Abstract—With the proliferation of very large network datasets in real world applications, there has been increasing interest towards link prediction, especially in social networks. Most of our previous efforts have neglected the semantic information associated with such networks. The abstract information of research documents in a co-authorship network is one such example. We build a link predictor for such networks, where nodes represent researchers and links represent co-authorships. We use the structure of the constructed graph, and propose to add a semantic approach using abstract information, research titles and the event information to improve the accuracy of the predictor. We also make use of the fact that researchers tend to work in close knit communities. The knowledge of a pair of researchers belonging to the same research community can be used to improve the accuracy of our predictor. To test our hypothesis, we use an Ensemble clustering of the DBLP network to supplement its structural features and test it in a reasonable time by under sampling and balancing the dataset using decision trees and the SMOTE technique.

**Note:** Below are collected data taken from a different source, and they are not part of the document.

(* For $n\ge2$ and $k_1,\dots,k_n\in\mathbb Z\setminus\{0\}$ with $k=\sum_{j=1}^nk_j\neq0$, let $H_n=k^3-\sum_{j=1}^nk_j^3$, $k_{\max}=\max_j|k_j|$, and let $k_{\max_j}$ be the $j$-th largest element of $\{|k_1|,\dots,|k_n|\}$. There is a constant $c>0$ depending only on $n$ such that: (1) If $n=2$: $|H_2|\ge c\,k_{\max}^2$. (2) If $n=3$: at least one of the following holds: (A) $|H_3|\ge c\,k_{\max}^2$; (B) $k_{j_0}=k$ for some $j_0\in\{1,2,3\}$; (C) $|k_j|\ge c|k|$ for all $j\in\{1,2,3\}$. (3) If $n\ge4$: at least one of the following holds: (A) $|H_n|\ge c\,k_{\max}^2$; (B) $k=k_{j_0}$ for some $j_0\in\{1,\dots,n\}$; (C) $k_{\max_3}\ge c|k|$; (D) $k_{\max_3}^2k_{\max_4}\ge c\,k_{\max}^2$. *)

theory Defs
  imports Complex_Main
begin

text \<open>The tuple (k_1,...,k_n) is represented as a list ks of length n
  (ks ! (j-1) = k_j).\<close>

definition Hn :: "int list \<Rightarrow> int" where
  "Hn ks = (sum_list ks) ^ 3 - sum_list (map (\<lambda>x. x ^ 3) ks)"

definition kmax :: "int list \<Rightarrow> int" where
  "kmax ks = Max (abs ` set ks)"

text \<open>kmaxj ks j: the j-th largest (1-indexed, counted with multiplicity)
  of the values |k_1|,...,|k_n|.\<close>
definition kmaxj :: "int list \<Rightarrow> nat \<Rightarrow> int" where
  "kmaxj ks j = rev (sort (map abs ks)) ! (j - 1)"

end

theory Submission
  imports Defs "HOL-Library.Multiset"
begin

(* Order the k_j by decreasing absolute value as a, b followed by a tail with sum r, so that
   k = a + b + r. The identity k^3 - a^3 - b^3 - r^3 = 3 (a + b) (a + r) (b + r) gives
     H_n = 3 (a + b) (a + r) (b + r) + H(tail).
   If 4 |r| <= |a|, then |a + r| >= |a|/2, and of the nonzero integers a + b and b + r one has
   absolute value at least |a|/4 (a + b if 2 |b| <= |a|, b + r otherwise), so the product is at
   least a^2/8 in absolute value. Here a + b <> 0 since |r| < |k|, and b + r = k - a <> 0 unless
   (B) holds. For n = 2 and n = 3 the tail term vanishes and the failure of (C) makes r small;
   for n >= 4 the failure of (C) and (D) makes r small and H(tail) = O(k_max3^2 k_max4)
   negligible against a^2. The constant c = 1/(16 n^3) works in all cases. *)

lemma Hn_Cons: "Hn (x # xs) = 3 * x * sum_list xs * (x + sum_list xs) + Hn xs"
  unfolding Hn_def by (simp add: power3_eq_cube algebra_simps)

lemma Hn_Cons_Cons:
  "Hn (a # b # xs) = 3 * (a + b) * (a + sum_list xs) * (b + sum_list xs) + Hn xs"
  unfolding Hn_def by (simp add: power3_eq_cube algebra_simps)

lemma sum_list_mset:
  fixes xs ys :: "'a::comm_monoid_add list"
  shows "mset xs = mset ys \<Longrightarrow> sum_list xs = sum_list ys"
  by (metis sum_mset_sum_list)

lemma kmax_mset: "mset xs = mset ys \<Longrightarrow> kmax xs = kmax ys"
  unfolding kmax_def by (metis mset_eq_setD)

lemma Hn_mset: "mset xs = mset ys \<Longrightarrow> Hn xs = Hn ys"
  unfolding Hn_def by (metis mset_map sum_mset_sum_list)

lemma kmaxj_mset: "mset xs = mset ys \<Longrightarrow> kmaxj xs = kmaxj ys"
  unfolding kmaxj_def by (metis mset_map sorted_list_of_multiset_mset)

abbreviation abs_sorted_desc :: "int list \<Rightarrow> bool" where
  "abs_sorted_desc \<equiv> sorted_wrt (\<lambda>x y. \<bar>y\<bar> \<le> \<bar>x\<bar>)"

lemma abs_sorted_desc_perm:
  obtains ys where "mset ys = mset xs" "abs_sorted_desc ys"
proof
  show "mset (sort_key (\<lambda>x. - \<bar>x\<bar>) xs) = mset xs" by simp
  show "abs_sorted_desc (sort_key (\<lambda>x. - \<bar>x\<bar>) xs)"
    using sorted_sort_key[of "\<lambda>x. - \<bar>x\<bar>" xs] by (simp add: sorted_map)
qed

lemma kmax_abs_sorted_desc: "abs_sorted_desc (a # xs) \<Longrightarrow> kmax (a # xs) = \<bar>a\<bar>"
  unfolding kmax_def by (rule Max_eqI) auto

lemma kmaxj_abs_sorted_desc:
  assumes "abs_sorted_desc xs" "0 < j" "j \<le> length xs"
  shows "kmaxj xs j = \<bar>xs ! (j - 1)\<bar>"
proof -
  have "sorted (rev (map abs xs))"
    using assms(1) by (simp add: sorted_wrt_rev sorted_wrt_map)
  then have "sort (map abs xs) = rev (map abs xs)"
    by (metis mset_rev sorted_list_of_multiset_mset sorted_sort_id)
  then show ?thesis unfolding kmaxj_def using assms(2,3) by simp
qed

lemma abs_sum_list_le:
  fixes xs :: "'a::linordered_idom list"
  assumes "\<forall>x\<in>set xs. \<bar>x\<bar> \<le> m"
  shows "\<bar>sum_list xs\<bar> \<le> of_nat (length xs) * m"
proof -
  have "\<bar>sum_list xs\<bar> \<le> (\<Sum>x\<leftarrow>xs. \<bar>x\<bar>)" by (rule sum_list_abs)
  also have "\<dots> \<le> (\<Sum>x\<leftarrow>xs. m)" using assms by (intro sum_list_mono) auto
  finally show ?thesis by (simp add: sum_list_triv)
qed

lemma abs_Hn_le:
  assumes "\<forall>x\<in>set xs. \<bar>x\<bar> \<le> m"
  shows "\<bar>Hn xs\<bar> \<le> (int (length xs) ^ 3 + int (length xs)) * m ^ 3"
proof (cases "xs = []")
  case True
  then show ?thesis by (simp add: Hn_def)
next
  case False
  define l where "l = int (length xs)"
  have "0 \<le> m" using assms False by (metis abs_ge_zero last_in_set order_trans)
  have "\<bar>sum_list xs\<bar> \<le> l * m" using abs_sum_list_le[OF assms] by (simp add: l_def)
  then have "\<bar>sum_list xs ^ 3\<bar> \<le> (l * m) ^ 3" by (simp add: power_abs power_mono)
  moreover have "\<bar>\<Sum>x\<leftarrow>xs. x ^ 3\<bar> \<le> l * m ^ 3"
  proof -
    have "\<forall>y\<in>set (map (\<lambda>x. x ^ 3) xs). \<bar>y\<bar> \<le> m ^ 3"
      using assms by (auto simp: power_abs power_mono)
    from abs_sum_list_le[OF this] show ?thesis by (simp add: l_def)
  qed
  ultimately show ?thesis
    unfolding Hn_def l_def[symmetric] by (simp add: algebra_simps)
qed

Index Terms—Graph mining, Link Prediction, Graph Clustering, Co-authorship Networks
Mrinmaya Sachan, Computer Science and Engineering Indian Institute of Technology, Kanpur, India (email:email@example.com) Ryutaro Ichise, Principles of Informatics Research Division, National Institute of Informatics, Tokyo, Japan(email:firstname.lastname@example.org)
Cite: Mrinmaya Sachan and Ryutaro Ichise, "Using Semantic Information to Improve Link Prediction Results in Network Datasets," International Journal of Engineering and Technology vol. 2, no. 4, pp. 334-339, 2010.